Weide makes a lot out of a deposition by a nanny in Allen’s employ, Monica Thompson, who stated “that she was pressured by Farrow to support the molestation charges,” and that another nanny, Kristie Groteke, had told her that she “did not have Dylan out of her sight for longer than five minutes.” Weide does not mention that Groteke herself testified that she lost track of both Dylan and Allen for 15 to 20 minutes on Aug. 4. Weide does not mention the testimony of babysitter Alison Stickland, who, on Aug. 4, witnessed Allen “kneeling in front of Dylan with his head in her lap” (a detail recounted in Dylan’s open letter). Weide does not mention that Sophie Berge, a tutor, later noticed that Dylan was not wearing underwear.
No. 5: The head of the Yale team investigating the allegations never spoke to Dylan Farrow.
Weide quotes at length from a sworn deposition by John Leventhal, the pediatrician who led the Yale–New Haven Hospital Child Sexual Abuse Clinic’s investigation of the allegations. Leventhal’s deposition hypothesized either that “these were statements made by an emotionally disturbed child and then became fixed in her mind” or “that she was coached or influenced by her mother.” But Leventhal himself never interviewed Dylan Farrow, nor did he interview her mother or any of the child care workers present at Mia Farrow’s home on Aug. 4, 1992. Dylan was interviewed nine times over a six-month period by Julia Hamilton, who had a Ph.D. in social work, and Jennifer Sawyer, who had a master’s degree in social work. Neither Hamilton nor Sawyer would testify at trial, and Leventhal would only testify via deposition; as Weide points out, they also destroyed their notes on the investigation. (Diane Schetky, a professor of psychiatry and past editor of the Clinical Handbook of Child Psychiatry and the Law, itemized other irregularities in the Yale investigation in this 1997 Connecticut Magazine piece.)
In his 1993 state Supreme Court decision, Wilk found that testimony “proves that Mr.

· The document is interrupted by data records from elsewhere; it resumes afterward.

lemma bij_betw_l_cosets_induced:
  assumes J: "subgroup J G" and H: "subgroup H G" and JH: "J \<subseteq> H"
    and f: "bij_betw f H H"
    and f_J: "\<And>a b. a \<in> H \<Longrightarrow> b \<in> H \<Longrightarrow> inv (f a) \<otimes> f b \<in> J \<longleftrightarrow> inv a \<otimes> b \<in> J"
  shows "bij_betw (\<lambda>C. f (coset_rep C) <# J) ((\<lambda>h. h <# J) ` H) ((\<lambda>h. h <# J) ` H)"
proof -
  let ?cosets = "(\<lambda>h. h <# J) ` H" and ?F = "\<lambda>C. f (coset_rep C) <# J"
  have HG: "a \<in> H \<Longrightarrow> a \<in> carrier G" for a by (rule subgroup.mem_carrier[OF H])
  have fH: "a \<in> H \<Longrightarrow> f a \<in> H" for a using f by (auto simp: bij_betw_def)
  have rep_H: "C \<in> ?cosets \<Longrightarrow> coset_rep C \<in> H" for C by (rule coset_rep_mem(1)[OF J H JH])
  have same_coset: "a <# J = b <# J \<longleftrightarrow> f a <# J = f b <# J" if "a \<in> H" "b \<in> H" for a b
    using that f_J l_coset_eq_iff[OF J] HG fH by simp
  have F_coset: "?F (a <# J) = f a <# J" if a: "a \<in> H" for a
  proof -
    obtain j where j: "j \<in> J" "coset_rep (a <# J) = a \<otimes> j" using coset_rep_l_coset[OF J HG[OF a]] .
    have "a \<otimes> j \<in> H" using a j(1) JH subgroup.m_closed[OF H] by blast
    moreover have "a \<otimes> j <# J = a <# J"
      using j coset_rep_mem(2)[OF J H JH, of "a <# J"] a by simp
    ultimately show ?thesis using same_coset[OF a, of "a \<otimes> j"] j by simp
  qed
  show ?thesis
  proof (rule bij_betw_imageI)
    show "inj_on ?F ?cosets"
    proof (rule inj_onI)
      fix C C' assume C: "C \<in> ?cosets" and C': "C' \<in> ?cosets" and "?F C = ?F C'"
      then have "coset_rep C <# J = coset_rep C' <# J"
        using same_coset[OF rep_H[OF C] rep_H[OF C']] by simp
      then show "C = C'" using coset_rep_mem(2)[OF J H JH] C C' by metis
    qed
    show "?F ` ?cosets = ?cosets"
    proof
      show "?F ` ?cosets \<subseteq> ?cosets" using fH rep_H by blast
      have "h <# J \<in> ?F ` ?cosets" if h: "h \<in> H" for h
      proof -
        obtain a where a: "a \<in> H" "h = f a" using f h by (auto simp: bij_betw_def)
        then have "?F (a <# J) = h <# J" by (simp add: F_coset)
        then show ?thesis using a(1) by (metis imageI)
      qed
      then show "?cosets \<subseteq> ?F ` ?cosets" by blast
    qed
  qed
qed

lemma sum_l_cosets_reindex:
  fixes \<phi> :: "'a \<Rightarrow> 'c::comm_monoid_add"
  assumes J: "subgroup J G" and H: "subgroup H G" and JH: "J \<subseteq> H"
    and \<phi>: "\<And>a j. a \<in> H \<Longrightarrow> j \<in> J \<Longrightarrow> \<phi> (a \<otimes> j) = \<phi> a"
    and f: "bij_betw f H H"
    and f_J: "\<And>a b. a \<in> H \<Longrightarrow> b \<in> H \<Longrightarrow> inv (f a) \<otimes> f b \<in> J \<longleftrightarrow> inv a \<otimes> b \<in> J"
  shows "(\<Sum>C\<in>(\<lambda>h. h <# J) ` H. \<phi> (f (coset_rep C))) = (\<Sum>C\<in>(\<lambda>h. h <# J) ` H. \<phi> (coset_rep C))"
proof -
  let ?cosets = "(\<lambda>h. h <# J) ` H"
  have \<phi>_rep: "\<phi> (coset_rep (a <# J)) = \<phi> a" if "a \<in> H" for a
    using coset_rep_l_coset[OF J subgroup.mem_carrier[OF H that]] \<phi>[OF that] by metis
  have "\<phi> (f (coset_rep C)) = \<phi> (coset_rep (f (coset_rep C) <# J))" if "C \<in> ?cosets" for C
  proof -
    have "f (coset_rep C) \<in> H" using f coset_rep_mem(1)[OF J H JH that] by (auto simp: bij_betw_def)
    then show ?thesis by (rule \<phi>_rep[symmetric])
  qed
  then have "(\<Sum>C\<in>?cosets. \<phi> (f (coset_rep C))) = (\<Sum>C\<in>?cosets. \<phi> (coset_rep (f (coset_rep C) <# J)))"
    by (rule sum.cong[OF refl])
  also have "\<dots> = (\<Sum>C\<in>?cosets. \<phi> (coset_rep C))"
    by (rule sum.reindex_bij_betw[OF bij_betw_l_cosets_induced[OF J H JH f f_J]])
  finally show ?thesis .
qed

lemma normalises_conj_iff:
  assumes "normalises G L U" and "U \<subseteq> carrier G" and "l \<in> L" and "l \<in> carrier G"
    and "x \<in> carrier G"
  shows "l \<otimes> x \<otimes> inv l \<in> U \<longleftrightarrow> x \<in> U"
proof
  assume "l \<otimes> x \<otimes> inv l \<in> U"
  then obtain u where "u \<in> U" "l \<otimes> x \<otimes> inv l = l \<otimes> u \<otimes> inv l"
    using assms(1,3) unfolding normalises_def by (metis (no_types, lifting) imageE)
  then show "x \<in> U" using assms(2,4,5) by (simp add: subsetD)
qed (use assms(1,3) in \<open>auto simp: normalises_def\<close>)

lemma normalisesI:
  assumes "L \<subseteq> carrier G" and "U \<subseteq> carrier G" and "\<And>l. l \<in> L \<Longrightarrow> inv l \<in> L"
    and "\<And>l u. l \<in> L \<Longrightarrow> u \<in> U \<Longrightarrow> l \<otimes> u \<otimes> inv l \<in> U"
  shows "normalises G L U"
  unfolding normalises_def
proof (intro ballI equalityI subsetI)
  fix l u assume l: "l \<in> L" and u: "u \<in> U"
  have lG: "l \<in> carrier G" and uG: "u \<in> carrier G" using assms(1,2) l u by auto
  have "u = l \<otimes> (inv l \<otimes> u \<otimes> inv (inv l)) \<otimes> inv l"
    using lG uG by (simp add: m_assoc)
  moreover have "inv l \<otimes> u \<otimes> inv (inv l) \<in> U" using assms(3,4) l u by blast
  ultimately show "u \<in> (\<lambda>u. l \<otimes> u \<otimes> inv l) ` U" by blast
qed (use assms(4) in blast)

lemma normalises_self:
  assumes H: "subgroup H G"
  shows "normalises G H H"
proof (rule normalisesI)
  show "l \<otimes> u \<otimes> inv l \<in> H" if "l \<in> H" "u \<in> H" for l u
    using that by (simp add: subgroup.m_closed[OF H] subgroup.m_inv_closed[OF H])
qed (use subgroup.subset[OF H] subgroup.m_inv_closed[OF H] in auto)

lemma finite_l_cosets_Int:
  assumes H: "subgroup H G" and K: "subgroup K G" and fin: "finite ((\<lambda>a. a <# K) ` carrier G)"
  shows "finite ((\<lambda>h. h <# (H \<inter> K)) ` H)"
proof (rule inj_on_finite[OF _ _ fin])
  let ?J = "H \<inter> K"
  have J: "subgroup ?J G" by (rule subgroups_Inter_pair[OF H K])
  have HG: "a \<in> H \<Longrightarrow> a \<in> carrier G" for a by (rule subgroup.mem_carrier[OF H])
  have rep: "coset_rep C \<in> H" "coset_rep C <# ?J = C" if "C \<in> (\<lambda>h. h <# ?J) ` H" for C
    using coset_rep_mem[OF J H _ that] by auto
  show "inj_on (\<lambda>C. coset_rep C <# K) ((\<lambda>h. h <# ?J) ` H)"
  proof (rule inj_onI)
    fix C C' assume C: "C \<in> (\<lambda>h. h <# ?J) ` H" and C': "C' \<in> (\<lambda>h. h <# ?J) ` H"
      and "coset_rep C <# K = coset_rep C' <# K"
    then have "inv (coset_rep C) \<otimes> coset_rep C' \<in> ?J"
      using l_coset_eq_iff[OF K] rep subgroup.m_closed[OF H] subgroup.m_inv_closed[OF H] HG
      by (metis IntI)
    then show "C = C'" using l_coset_eq_iff[OF J] rep[OF C] rep[OF C'] HG by metis
  qed
  show "(\<lambda>C. coset_rep C <# K) ` (\<lambda>h. h <# ?J) ` H \<subseteq> (\<lambda>a. a <# K) ` carrier G"
    using rep HG by blast
qed

lemma finite_l_cosets_mono:
  assumes J: "subgroup J G" and K: "subgroup K G" and H: "subgroup H G" and "J \<subseteq> K" "K \<subseteq> H"
    and fin: "finite ((\<lambda>h. h <# J) ` H)"
  shows "finite ((\<lambda>h. h <# K) ` H)"
proof (rule finite_subset[OF _ finite_imageI[OF fin]])
  show "(\<lambda>h. h <# K) ` H \<subseteq> (\<lambda>C. coset_rep C <# K) ` (\<lambda>h. h <# J) ` H"
  proof
    fix D assume "D \<in> (\<lambda>h. h <# K) ` H"
    then obtain h where h: "h \<in> H" "D = h <# K" by blast
    have hG: "h \<in> carrier G" by (rule subgroup.mem_carrier[OF H h(1)])
    obtain j where j: "j \<in> J" "coset_rep (h <# J) = h \<otimes> j" by (rule coset_rep_l_coset[OF J hG])
    have "coset_rep (h <# J) \<in> h <# K" using j \<open>J \<subseteq> K\<close> by (auto simp: l_coset_def)
    then have "D = coset_rep (h <# J) <# K" using l_repr_independence[OF _ hG K] h(2) by simp
    then show "D \<in> (\<lambda>C. coset_rep C <# K) ` (\<lambda>h. h <# J) ` H" using h(1) by blast
  qed
qed

end

section \<open>Open subgroups of compact groups\<close>

locale profinite = group G for G (structure) +
  fixes T :: "'a topology"
  assumes profinite_group: "profinite_group G T"
begin

lemma topspace_eq: "topspace T = carrier G"
  using profinite_group by (simp add: profinite_group_def)

lemma compact_space: "compact_space T"
  using profinite_group by (simp add: profinite_group_def)

lemma continuous_map_left_mult:
  assumes a: "a \<in> carrier G"
  shows "continuous_map T T (\<lambda>x. a \<otimes> x)"
proof -
  have mult: "continuous_map (prod_topology T T) T (\<lambda>(x, y). x \<otimes> y)"
    using profinite_group by (simp add: profinite_group_def)
  have "continuous_map T (prod_topology T T) (\<lambda>x. (a, x))"
    by (rule continuous_map_pairedI) (simp_all add: a topspace_eq)
  from continuous_map_compose[OF this mult] show ?thesis by (simp add: comp_def)
qed

lemma openin_l_coset:
  assumes K: "K \<subseteq> carrier G" "openin T K" and a: "a \<in> carrier G"
  shows "openin T (a <# K)"
proof -
  have "a <# K = {x \<in> topspace T. inv a \<otimes> x \<in> K}"
  proof (intro equalityI subsetI)
    fix x assume "x \<in> a <# K"
    then obtain k where "k \<in> K" "x = a \<otimes> k" by (auto simp: l_coset_def)
    then show "x \<in> {x \<in> topspace T. inv a \<otimes> x \<in> K}"
      using K(1) a by (auto simp: topspace_eq)
  next
    fix x assume x: "x \<in> {x \<in> topspace T. inv a \<otimes> x \<in> K}"
    then have "x = a \<otimes> (inv a \<otimes> x)" using a by (simp add: topspace_eq)
    then show "x \<in> a <# K" using x unfolding l_coset_def by blast
  qed
  then show ?thesis
    using openin_continuous_map_preimage[OF continuous_map_left_mult[OF inv_closed[OF a]] K(2)]
    by simp
qed

lemma finite_l_cosets_openin:
  assumes K: "subgroup K G" "openin T K"
  shows "finite ((\<lambda>a. a <# K) ` carrier G)"
proof -
  let ?cosets = "(\<lambda>a. a <# K) ` carrier G"
  have "\<forall>C\<in>?cosets. openin T C" using openin_l_coset[OF subgroup.subset[OF K(1)] K(2)] by blast
  moreover have "topspace T \<subseteq> \<Union>?cosets" using lcos_self[OF _ K(1)] by (auto simp: topspace_eq)
  ultimately have "\<exists>F. finite F \<and> F \<subseteq> ?cosets \<and> topspace T \<subseteq> \<Union>F"
    using compact_space unfolding compact_space_alt by blast
  then obtain F where F: "finite F" "F \<subseteq> ?cosets" "topspace T \<subseteq> \<Union>F" by blast
  have "?cosets \<subseteq> F"
  proof
    fix C assume "C \<in> ?cosets"
    then obtain a where a: "a \<in> carrier G" "C = a <# K" by blast
    then obtain D where D: "D \<in> F" "a \<in> D" using F(3) by (auto simp: topspace_eq)
    obtain b where b: "b \<in> carrier G" "D = b <# K" using D(1) F(2) by blast
    have "b <# K = a <# K" using l_repr_independence[OF _ b(1) K(1)] D(2) b(2) by simp
    then show "C \<in> F" using a(2) b(2) D(1) by simp
  qed
  then show ?thesis using F(1) by (rule finite_subset)
qed

text \<open>\<open>N\<close> is the union of the open translates \<open>n <# K\<close>.\<close>
lemma openin_subgroup:
  assumes N: "subgroup N G" and "K \<subseteq> N" and K: "openin T K" and "\<one> \<in> K"
  shows "openin T N"
proof -
  have KG: "K \<subseteq> carrier G" using \<open>K \<subseteq> N\<close> subgroup.subset[OF N] by blast
  have "N = (\<Union>n\<in>N. n <# K)"
  proof (intro equalityI subsetI)
    fix x assume "x \<in> N"
    then have "x \<in> x <# K" using \<open>\<one> \<in> K\<close> subgroup.mem_carrier[OF N]
      by (force simp: l_coset_def)
    then show "x \<in> (\<Union>n\<in>N. n <# K)" using \<open>x \<in> N\<close> by blast
  qed (use \<open>K \<subseteq> N\<close> subgroup.m_closed[OF N] in \<open>auto simp: l_coset_def\<close>)
  moreover have "openin T (\<Union>n\<in>N. n <# K)"
    using openin_l_coset[OF KG K] subgroup.mem_carrier[OF N] by (intro openin_Union) blast
  ultimately show ?thesis by simp
qed

end

section \<open>Averages over cosets in smooth representations\<close>

locale smooth_representation = profinite G T
  for G :: "('g, 'b) monoid_scheme" (structure) and T +
  fixes scale :: "complex \<Rightarrow> 'v::ab_group_add \<Rightarrow> 'v" (infixr "*s" 75) and \<rho> :: "'g \<Rightarrow> 'v \<Rightarrow> 'v"
  assumes smooth_rep: "smooth_rep G T scale \<rho>"

sublocale smooth_representation \<subseteq> vector_space scale
  using smooth_rep by (simp add: smooth_rep_def)

context smooth_representation
begin

lemma module_hom_rep: "g \<in> carrier G \<Longrightarrow> module_hom scale scale (\<rho> g)"
  using smooth_rep by (simp add: smooth_rep_def linear_iff_module_hom)

lemmas rep_add = module_hom.add[OF module_hom_rep]
  and rep_diff = module_hom.diff[OF module_hom_rep]
  and rep_zero = module_hom.zero[OF module_hom_rep]
  and rep_scale = module_hom.scale[OF module_hom_rep]
  and rep_sum = module_hom.sum[OF module_hom_rep]

lemma rep_one: "\<rho> \<one> x = x"
  using smooth_rep by (simp add: smooth_rep_def)

lemma rep_mult: "g \<in> carrier G \<Longrightarrow> h \<in> carrier G \<Longrightarrow> \<rho> (g \<otimes> h) x = \<rho> g (\<rho> h x)"
  using smooth_rep by (simp add: smooth_rep_def)

lemma rep_inv_cancel: "g \<in> carrier G \<Longrightarrow> \<rho> (inv g) (\<rho> g x) = x"
  using rep_mult[of "inv g" g x] by (simp add: rep_one)

lemma smooth_vector: "\<exists>K. subgroup K G \<and> openin T K \<and> (\<forall>k\<in>K. \<rho> k m = m)"
  using smooth_rep by (simp add: smooth_rep_def)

Allen’s behavior toward Dylan was grossly inappropriate and that measures must be taken to protect her.” In May 1994, the Appellate Division of the state Supreme Court cited a “clear consensus” among psychiatric experts that Allen’s “interest in Dylan was abnormally intense.”
My colleague Dahlia Lithwick wisely cautions against trying this case again in the court of public opinion. But it’s also worth remembering that—no matter how Robert Weide wants to spin things—Woody Allen did not fare well at all when actual courts of law looked at the facts.